• **TASK TO COMPLETE**: Each line in the entries below that holds the string "proof" must be copied.

** MATERIAL PROVIDED follows **

lemma leaf_weight_children:
  "leaf_weight C E q \<alpha> = - (\<Sum>u\<in>C - {\<alpha>}.
     (\<Prod>c\<in>children u. q {u, c} u) * Q_above q u * (int (card (children u)) - 1))"
  unfolding leaf_weight_def
proof (intro arg_cong[where f = uminus] sum.cong refl)
  fix u assume u: "u \<in> C - {\<alpha>}"
  then have "u \<in> C" "u \<noteq> \<alpha>" by auto
  then show "(\<Prod>\<epsilon>\<in>incident_edges E (gp u \<alpha>). q_path q \<epsilon> (gp u \<alpha>)) * (int (valency E u) - 2)
      = (\<Prod>c\<in>children u. q {u, c} u) * Q_above q u * (int (card (children u)) - 1)"
    using prod_incident_edges[OF is_path_gpath[OF _ leaf_cell]] prod_Qcell_gpath valency_children
    by simp
qed

lemma Q_above_kappa:
  assumes "u \<in> C" "u \<noteq> \<alpha>"
  shows "Q_above q u * kappa (\<lambda>c. q {u, c} u) (children u)
    = (\<Sum>c\<in>children u. Q_above q c)
      - (\<Prod>c\<in>children u. q {u, c} u) * Q_above q u * (int (card (children u)) - 1)"
proof -
  have "(\<Sum>c\<in>children u. Q_above q u * (\<Prod>c'\<in>children u - {c}. q {u, c'} u))
      = (\<Sum>c\<in>children u. Q_above q c)"
    using Q_above_child[OF assms] by (intro sum.cong) (auto simp: mult.commute)
  then show ?thesis unfolding kappa_def by (simp add: algebra_simps sum_distrib_left)
qed

lemma sum_children:
  fixes h :: "'a \<Rightarrow> 'b::ab_group_add"
  assumes "{c \<in> C - {\<alpha>}. parent c = \<alpha>} = {w}"
  shows "(\<Sum>u\<in>C - {\<alpha>}. \<Sum>c\<in>children u. h c) = (\<Sum>c\<in>C - {\<alpha>}. h c) - h w"
proof -
  have "(\<Union>u\<in>C - {\<alpha>}. children u) = C - {\<alpha>} - {w}"
  proof
    show "(\<Union>u\<in>C - {\<alpha>}. children u) \<subseteq> C - {\<alpha>} - {w}"
      using assms by (auto simp: children_def)
    show "C - {\<alpha>} - {w} \<subseteq> (\<Union>u\<in>C - {\<alpha>}. children u)"
    proof
      fix c assume c: "c \<in> C - {\<alpha>} - {w}"
      then have "parent c \<in> C - {\<alpha>}" using gpath_parent(2)[of c] assms by auto
      moreover have "c \<in> children (parent c)" using c by (simp add: children_def)
      ultimately show "c \<in> (\<Union>u\<in>C - {\<alpha>}. children u)" by blast
    qed
  qed
  moreover have "(\<Sum>c\<in>(\<Union>u\<in>C - {\<alpha>}. children u). h c) = (\<Sum>u\<in>C - {\<alpha>}. \<Sum>c\<in>children u. h c)"
    using finite_cells finite_children by (intro sum.UNION_disjoint) (auto simp: children_def)
  moreover have "w \<in> C - {\<alpha>}" using assms by blast
  then have "sum h (C - {\<alpha>}) = h w + sum h (C - {\<alpha>} - {w})"
    using sum.remove[of "C - {\<alpha>}" w h] finite_cells by blast
  ultimately show ?thesis by (metis add_diff_cancel_left')
qed

lemma leaf_weight_kappa:
  "leaf_weight C E q \<alpha> = 1 + (\<Sum>u\<in>C - {\<alpha>}. Q_above q u * (kappa (\<lambda>c. q {u, c} u) (children u) - 1))"
proof -
  obtain w where w: "{c \<in> C - {\<alpha>}. parent c = \<alpha>} = {w}" "{w, \<alpha>} \<in> E" by (rule leaf_neighbour)
  have "(\<Sum>u\<in>C - {\<alpha>}. Q_above q u * kappa (\<lambda>c. q {u, c} u) (children u))
      = (\<Sum>u\<in>C - {\<alpha>}. \<Sum>c\<in>children u. Q_above q c) + leaf_weight C E q \<alpha>"
    unfolding leaf_weight_children using Q_above_kappa by (simp add: sum_subtractf)
  also have "\<dots> = (\<Sum>u\<in>C - {\<alpha>}. Q_above q u) - 1 + leaf_weight C E q \<alpha>"
    using sum_children[OF w(1), of "Q_above q"] Q_above_leaf_neighbour[OF w(2), of q] by simp
  finally show ?thesis by (simp add: algebra_simps sum_subtractf)
qed

context
  fixes V A :: "'a set" and q :: "'a set \<Rightarrow> 'a \<Rightarrow> int" and v0 :: 'a
  assumes cells_split: "C = V \<union> A" and disjoint: "V \<inter> A = {}" and leaf_arrow: "\<alpha> \<in> A"
    and arrow_valency: "\<forall>a\<in>A. valency E a = 1" and pseudo_root: "pseudo_root V A E q v0"
begin

lemma root_cell: "v0 \<in> C" "v0 \<noteq> \<alpha>"
  using pseudo_root leaf_arrow disjoint cells_split by (auto simp: pseudo_root_def)

lemma children_arrow: "u \<in> A \<Longrightarrow> u \<noteq> \<alpha> \<Longrightarrow> children u = {}"
  using valency_children[of u] arrow_valency cells_split finite_children by auto

lemma child_edges_nontrivial_unique:
  assumes u: "u \<in> V - {v0}" and K: "K \<subseteq> children u"
    and off_path: "\<forall>c\<in>K. {u, c} \<notin> set (path_edges (gp v0 u))"
  shows "\<forall>c\<in>K. \<forall>c'\<in>K. q {u, c} u \<noteq> 1 \<longrightarrow> q {u, c'} u \<noteq> 1 \<longrightarrow> c = c'"
proof (intro ballI impI)
  fix c c' assume c: "c \<in> K" "c' \<in> K" "q {u, c} u \<noteq> 1" "q {u, c'} u \<noteq> 1"
  let ?S = "{e \<in> E. u \<in> e \<and> e \<notin> set (path_edges (gp v0 u)) \<and> q e u \<noteq> 1}"
  have "card ?S \<le> 1" using pseudo_root u cells_split by (auto simp: pseudo_root_def)
  moreover have "{u, c} \<in> ?S" "{u, c'} \<in> ?S" using c K off_path child_edge by auto
  ultimately have "{u, c} = {u, c'}" using finite_edges card_le_Suc0_iff_eq[of ?S] by auto
  then show "c = c'" using inj_on_child_edge[of u] c(1,2) K unfolding inj_on_def by blast
qed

** End of MATERIAL PROVIDED **

• **ANSWER BOX**:
proof (intro arg_cong[where f = uminus] sum.cong refl)
proof -
proof -
  proof
    proof
proof -
proof (intro ballI impI)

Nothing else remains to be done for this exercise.